:: Task directions ::
Below are entries; output exactly the lines from the one with "text \<open>Cong(r): the" to the one with "theory Submission", both included, and nothing else.

:: Dataset entries ::
##############################
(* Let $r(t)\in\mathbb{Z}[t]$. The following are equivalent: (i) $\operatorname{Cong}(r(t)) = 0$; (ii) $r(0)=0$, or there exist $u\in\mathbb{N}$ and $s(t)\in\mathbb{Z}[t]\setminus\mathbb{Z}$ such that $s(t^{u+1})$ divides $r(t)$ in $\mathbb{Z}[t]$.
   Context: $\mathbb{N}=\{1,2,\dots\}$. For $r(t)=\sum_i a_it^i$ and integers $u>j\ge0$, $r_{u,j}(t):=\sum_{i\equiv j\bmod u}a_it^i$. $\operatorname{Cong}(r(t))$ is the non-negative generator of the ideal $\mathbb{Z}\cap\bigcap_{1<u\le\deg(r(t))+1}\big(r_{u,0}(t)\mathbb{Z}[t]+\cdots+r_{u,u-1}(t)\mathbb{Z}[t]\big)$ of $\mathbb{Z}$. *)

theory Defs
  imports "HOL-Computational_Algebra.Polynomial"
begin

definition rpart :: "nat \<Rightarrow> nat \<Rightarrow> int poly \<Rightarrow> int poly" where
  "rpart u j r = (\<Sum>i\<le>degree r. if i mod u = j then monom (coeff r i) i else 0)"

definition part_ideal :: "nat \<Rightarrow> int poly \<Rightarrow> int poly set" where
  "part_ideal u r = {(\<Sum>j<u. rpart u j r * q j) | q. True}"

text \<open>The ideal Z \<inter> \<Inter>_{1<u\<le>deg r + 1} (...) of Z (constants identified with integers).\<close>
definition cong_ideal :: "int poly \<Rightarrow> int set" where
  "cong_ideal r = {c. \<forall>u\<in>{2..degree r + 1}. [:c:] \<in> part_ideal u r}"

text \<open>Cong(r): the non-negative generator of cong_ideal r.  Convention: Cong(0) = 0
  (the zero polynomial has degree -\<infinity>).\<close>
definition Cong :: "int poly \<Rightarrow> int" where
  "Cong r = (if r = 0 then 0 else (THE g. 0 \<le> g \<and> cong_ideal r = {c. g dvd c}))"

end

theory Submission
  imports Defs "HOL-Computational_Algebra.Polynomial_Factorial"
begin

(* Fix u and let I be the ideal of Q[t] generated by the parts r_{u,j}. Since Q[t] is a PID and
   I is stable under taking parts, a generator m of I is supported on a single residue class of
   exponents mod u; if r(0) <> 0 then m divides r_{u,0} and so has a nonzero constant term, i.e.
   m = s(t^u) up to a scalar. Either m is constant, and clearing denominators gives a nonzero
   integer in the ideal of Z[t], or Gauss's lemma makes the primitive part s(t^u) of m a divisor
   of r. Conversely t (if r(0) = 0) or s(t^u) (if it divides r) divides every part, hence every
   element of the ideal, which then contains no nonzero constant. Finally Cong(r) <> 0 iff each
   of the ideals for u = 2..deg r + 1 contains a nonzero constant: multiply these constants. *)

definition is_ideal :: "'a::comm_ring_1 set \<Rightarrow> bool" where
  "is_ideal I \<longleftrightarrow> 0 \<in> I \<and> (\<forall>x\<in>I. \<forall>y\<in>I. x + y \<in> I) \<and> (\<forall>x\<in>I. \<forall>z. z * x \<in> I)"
##############################
:: Exercise answer ::
text \<open>Cong(r): the non-negative generator of cong_ideal r.  Convention: Cong(0) = 0
  (the zero polynomial has degree -\<infinity>).\<close>
definition Cong :: "int poly \<Rightarrow> int" where
  "Cong r = (if r = 0 then 0 else (THE g. 0 \<le> g \<and> cong_ideal r = {c. g dvd c}))"

end

theory Submission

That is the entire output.